Would you print the material exactly, starting at its first line and ending at the line holding "text \<open>Recurrence times"?

Start of Provided entries

(* Let $\{X_n\}_{n=-\infty}^{\infty}$ be a stationary time series taking values in a finite alphabet $\mathcal{X}$. For $k\ge1$, $n\ge0$ and $j\ge0$, define the time series $\{\tilde X^{(k,n,j)}_i\}_{i=-\infty}^{\infty}$ by $\tilde X^{(k,n,j)}_i=X_{n-\tau^k_j(n)+i}$ for $-\infty<i<\infty$. Then $\{\tilde X^{(k,n,j)}_i\}_{i=-\infty}^{\infty}$ has the same distribution as $\{X_i\}_{i=-\infty}^{\infty}$.
   Context: Notation: $X_m^n=(X_m,\dots,X_n)$. For $k\ge1$ and $n\ge0$, $\tau^k_0(n)=0$ and for $i\ge1$, $\tau^k_i(n)=\min\{t>\tau^k_{i-1}(n): X_{n-k+1-t}^{n-t}=X_{n-k+1}^n\}$, i.e. the successive times $t>0$ going backward at which the block $X_{n-k+1}^n$ reoccurs ending at position $n-t$. *)

theory Defs
  imports "HOL-Probability.Probability"
begin

definition seq_space :: "(int \<Rightarrow> 'a) measure" where
  "seq_space = PiM UNIV (\<lambda>_. count_space UNIV)"

definition stationary :: "'b measure \<Rightarrow> (int \<Rightarrow> 'b \<Rightarrow> 'a) \<Rightarrow> bool" where
  "stationary M X \<longleftrightarrow>
     (\<forall>m::int. distr M seq_space (\<lambda>\<omega> i. X (i + m) \<omega>) = distr M seq_space (\<lambda>\<omega> i. X i \<omega>))"

text \<open>The block X_{n-k+1}^n reoccurs ending at position n - t:
  X_{n-k+1-t}^{n-t} = X_{n-k+1}^n.\<close>
definition reoccurs :: "(int \<Rightarrow> 'b \<Rightarrow> 'a) \<Rightarrow> nat \<Rightarrow> int \<Rightarrow> nat \<Rightarrow> 'b \<Rightarrow> bool" where
  "reoccurs X k n t \<omega> \<longleftrightarrow> (\<forall>l<k. X (n - int t - int l) \<omega> = X (n - int l) \<omega>)"

text \<open>Recurrence times tau^k_j(n). Convention: if no further reoccurrence exists
  (a null event for stationary finite-alphabet processes), the value is 0.\<close>
fun tau :: "(int \<Rightarrow> 'b \<Rightarrow> 'a) \<Rightarrow> nat \<Rightarrow> int \<Rightarrow> nat \<Rightarrow> 'b \<Rightarrow> nat" where
  "tau X k n 0 \<omega> = 0"
| "tau X k n (Suc j) \<omega> =
     (if \<exists>t. t > tau X k n j \<omega> \<and> reoccurs X k n t \<omega>
      then (LEAST t. t > tau X k n j \<omega> \<and> reoccurs X k n t \<omega>)
      else 0)"

end

theory Submission
  imports Defs
begin

text \<open>
  Work with the law \<open>P\<close> of the path, a shift-invariant probability measure on sequence space.
  By Poincar\'e recurrence every block almost surely reoccurs infinitely often, both backward and
  forward in time, so \<open>\<tau>\<^sub>j(n) = t\<close> (for \<open>j \<ge> 1\<close>) means that \<open>t\<close> is a
  reoccurrence time preceded by exactly \<open>j - 1\<close> others. Shifting the path by \<open>n - t\<close>
  turns the \<open>j\<close>-th backward reoccurrence at distance \<open>t\<close> into the \<open>j\<close>-th forward
  reoccurrence at distance \<open>t\<close> of the block ending at 0. Summing over \<open>t\<close> and using
  shift invariance, the law of the path seen from \<open>n - \<tau>\<^sub>j(n)\<close> is the sum over \<open>t\<close> of
  the law of the path restricted to "the \<open>j\<close>-th forward reoccurrence happens at \<open>t\<close>",
  and these events partition the sequence space up to a null set.
\<close>

definition count_below :: "(nat \<Rightarrow> bool) \<Rightarrow> nat \<Rightarrow> nat" where
  "count_below Q t = card {s \<in> {1..<t}. Q s}"

lemma count_below_Suc:
  "count_below Q (Suc t) = count_below Q t + (if 1 \<le> t \<and> Q t then 1 else 0)"
proof (cases "1 \<le> t \<and> Q t")
  case True
  then have "{s \<in> {1..<Suc t}. Q s} = insert t {s \<in> {1..<t}. Q s}" by auto
  then show ?thesis using True unfolding count_below_def by simp
next
  case False
  then have "{s \<in> {1..<Suc t}. Q s} = {s \<in> {1..<t}. Q s}" by (auto simp: less_Suc_eq)
  then show ?thesis using False unfolding count_below_def by simp
qed

lemma measurable_count_below:
  assumes "\<And>s. Measurable.pred M (\<lambda>x. Q x s)"
  shows "(\<lambda>x. count_below (Q x) t) \<in> M \<rightarrow>\<^sub>M count_space UNIV"
proof (induct t)
  case 0
  then show ?case by (simp add: count_below_def)
next
  case (Suc t)
  note [measurable] = Suc assms
  show ?case unfolding count_below_Suc by measurable
qed

lemma count_below_less:
  assumes "0 < a" "Q a" "a < b"
  shows "count_below Q a < count_below Q b"
proof -
  have "insert a {s \<in> {1..<a}. Q s} \<subseteq> {s \<in> {1..<b}. Q s}" using assms by auto
  then have "card (insert a {s \<in> {1..<a}. Q s}) \<le> count_below Q b"
    unfolding count_below_def by (intro card_mono) auto
  then show ?thesis unfolding count_below_def by simp
qed

lemma count_below_inj:
  assumes "0 < t" "Q t" "0 < t'" "Q t'" "count_below Q t = count_below Q t'"
  shows "t = t'"
  using count_below_less[of t Q t'] count_below_less[of t' Q t] assms
  by (cases t t' rule: linorder_cases) auto

lemma count_below_Least:
  assumes "a < b" "Q b"
  shows "count_below Q (LEAST t. a < t \<and> Q t) = count_below Q (Suc a)"
proof -
  define t' where "t' = (LEAST t. a < t \<and> Q t)"
  have t': "a < t'" "Q t'"
    using LeastI[of "\<lambda>t. a < t \<and> Q t" b] assms unfolding t'_def by auto
  have "\<not> Q s" if "a < s" "s < t'" for s
    using not_less_Least[of s "\<lambda>t. a < t \<and> Q t"] that unfolding t'_def by auto
  then have "{s \<in> {1..<t'}. Q s} = {s \<in> {1..<Suc a}. Q s}"
    using t' by (auto simp: less_Suc_eq_le) (meson not_le)
  then show ?thesis unfolding count_below_def t'_def by simp
qed
lemma card_simplex_small_support:
  assumes "n \<ge> 1"
  shows "card {x \<in> simplex q n. card (support q x) < l}
           \<le> (\<Sum>i=1..<l. (q choose i) * ((n - 1) choose (i - 1)))"
proof -
  define E where "E S = {x \<in> simplex q n. support q x = S}" for S
  define Ss where "Ss i = {S. S \<subseteq> {..<q} \<and> card S = i}" for i
  have finSs: "finite (Ss i)" for i
    by (rule finite_subset[of _ "Pow {..<q}"]) (auto simp: Ss_def)
  have "support q x \<noteq> {}" if "x \<in> simplex q n" for x
  proof
    assume "support q x = {}"
    then have "sum x {..<q} = 0" by (auto simp: support_def intro: sum.neutral)
    then show False using that assms by (simp add: simplex_def)
  qed
  then have "{x \<in> simplex q n. card (support q x) < l} \<subseteq> (\<Union>i\<in>{1..<l}. \<Union>S\<in>Ss i. E S)"
    by (auto simp: E_def Ss_def support_def Suc_le_eq card_gt_0_iff)
  then have "card {x \<in> simplex q n. card (support q x) < l} \<le> card (\<Union>i\<in>{1..<l}. \<Union>S\<in>Ss i. E S)"
    by (rule card_mono[rotated]) (auto simp: E_def intro: finite_subset[OF _ finite_simplex])
  also have "\<dots> \<le> (\<Sum>i=1..<l. card (\<Union>S\<in>Ss i. E S))" by (rule card_UN_le) simp
  also have "\<dots> \<le> (\<Sum>i=1..<l. \<Sum>S\<in>Ss i. card (E S))" by (intro sum_mono card_UN_le finSs)
  also have "\<dots> \<le> (\<Sum>i=1..<l. \<Sum>S\<in>Ss i. (n - 1) choose (i - 1))"
    unfolding E_def Ss_def by (intro sum_mono card_simplex_fixed_support) auto
  also have "\<dots> = (\<Sum>i=1..<l. (q choose i) * ((n - 1) choose (i - 1)))"
    by (simp add: Ss_def n_subsets)
  finally show ?thesis .
qed

lemma M_attained:
  obtains C where "C \<subseteq> simplex q n" "\<forall>x\<in>C. \<forall>y\<in>C. x \<noteq> y \<longrightarrow> d1 q x y > real h"
    "card C = M q n h"
proof -
  define K where "K = {card C | C. C \<subseteq> simplex q n \<and>
       (\<forall>x\<in>C. \<forall>y\<in>C. x \<noteq> y \<longrightarrow> d1 q x y > real h)}"
  have "K \<subseteq> card ` Pow (simplex q n)" by (auto simp: K_def)
  then have "finite K" using finite_simplex finite_subset by blast
  moreover have "0 \<in> K" unfolding K_def by (auto intro!: exI[of _ "{}"])
  ultimately have "Max K \<in> K" using Max_in by blast
  then show ?thesis using that by (auto simp: K_def M_def)
qed

lemma M_le_bound:
  assumes "1 \<le> q" "h < n" "r \<le> h" "r \<le> l"
    and D: "D = (l choose r) * ((q - r + (h - r) - 1) choose (h - r))" "D > 0"
  shows "real (M q n h) \<le> real ((n - r + (h - r) + q - 1) choose (q - 1)) / real D
      + (\<Sum>i=1..<l. real (q choose i) * real ((n - 1) choose (i - 1)))"
proof -
  obtain C where C: "C \<subseteq> simplex q n" and code: "\<forall>x\<in>C. \<forall>y\<in>C. x \<noteq> y \<longrightarrow> d1 q x y > real h"
    and card_C: "card C = M q n h" by (rule M_attained)
  define C1 where "C1 = {x\<in>C. l \<le> card (support q x)}"
  define C2 where "C2 = {x\<in>C. card (support q x) < l}"
  have "finite C" using C finite_simplex finite_subset by blast
  then have "card C = card C1 + card C2"
    by (subst card_Un_disjoint[symmetric]) (auto simp: C1_def C2_def intro: arg_cong[of _ _ card])
  have "card C1 * D \<le> (n - r + (h - r) + q - 1) choose (q - 1)"
    using card_code_large_support[OF C code \<open>r \<le> h\<close> \<open>r \<le> l\<close>] card_simplex[OF \<open>1 \<le> q\<close>]
    by (simp add: C1_def D)
  then have C1: "real (card C1) \<le> real ((n - r + (h - r) + q - 1) choose (q - 1)) / real D"
    using \<open>D > 0\<close> by (simp add: pos_le_divide_eq flip: of_nat_mult)
  have "card C2 \<le> card {x \<in> simplex q n. card (support q x) < l}"
    using C by (intro card_mono finite_Collect_conjI) (auto simp: C2_def finite_simplex)
  also have "\<dots> \<le> (\<Sum>i=1..<l. (q choose i) * ((n - 1) choose (i - 1)))"
    using \<open>h < n\<close> by (intro card_simplex_small_support) simp
  finally have "real (card C2) \<le> real (\<Sum>i=1..<l. (q choose i) * ((n - 1) choose (i - 1)))"
    by (simp only: of_nat_le_iff)
  then have C2: "real (card C2) \<le> (\<Sum>i=1..<l. real (q choose i) * real ((n - 1) choose (i - 1)))"
    by (simp only: of_nat_sum of_nat_mult)
  show ?thesis using C1 C2 \<open>card C = card C1 + card C2\<close> card_C by simp
qed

End of Provided entries

**Worked solution:**
(* Let $\{X_n\}_{n=-\infty}^{\infty}$ be a stationary time series taking values in a finite alphabet $\mathcal{X}$. For $k\ge1$, $n\ge0$ and $j\ge0$, define the time series $\{\tilde X^{(k,n,j)}_i\}_{i=-\infty}^{\infty}$ by $\tilde X^{(k,n,j)}_i=X_{n-\tau^k_j(n)+i}$ for $-\infty<i<\infty$. Then $\{\tilde X^{(k,n,j)}_i\}_{i=-\infty}^{\infty}$ has the same distribution as $\{X_i\}_{i=-\infty}^{\infty}$.
   Context: Notation: $X_m^n=(X_m,\dots,X_n)$. For $k\ge1$ and $n\ge0$, $\tau^k_0(n)=0$ and for $i\ge1$, $\tau^k_i(n)=\min\{t>\tau^k_{i-1}(n): X_{n-k+1-t}^{n-t}=X_{n-k+1}^n\}$, i.e. the successive times $t>0$ going backward at which the block $X_{n-k+1}^n$ reoccurs ending at position $n-t$. *)

theory Defs
  imports "HOL-Probability.Probability"
begin

definition seq_space :: "(int \<Rightarrow> 'a) measure" where
  "seq_space = PiM UNIV (\<lambda>_. count_space UNIV)"

definition stationary :: "'b measure \<Rightarrow> (int \<Rightarrow> 'b \<Rightarrow> 'a) \<Rightarrow> bool" where
  "stationary M X \<longleftrightarrow>
     (\<forall>m::int. distr M seq_space (\<lambda>\<omega> i. X (i + m) \<omega>) = distr M seq_space (\<lambda>\<omega> i. X i \<omega>))"

text \<open>The block X_{n-k+1}^n reoccurs ending at position n - t:
  X_{n-k+1-t}^{n-t} = X_{n-k+1}^n.\<close>
definition reoccurs :: "(int \<Rightarrow> 'b \<Rightarrow> 'a) \<Rightarrow> nat \<Rightarrow> int \<Rightarrow> nat \<Rightarrow> 'b \<Rightarrow> bool" where
  "reoccurs X k n t \<omega> \<longleftrightarrow> (\<forall>l<k. X (n - int t - int l) \<omega> = X (n - int l) \<omega>)"

text \<open>Recurrence times tau^k_j(n). Convention: if no further reoccurrence exists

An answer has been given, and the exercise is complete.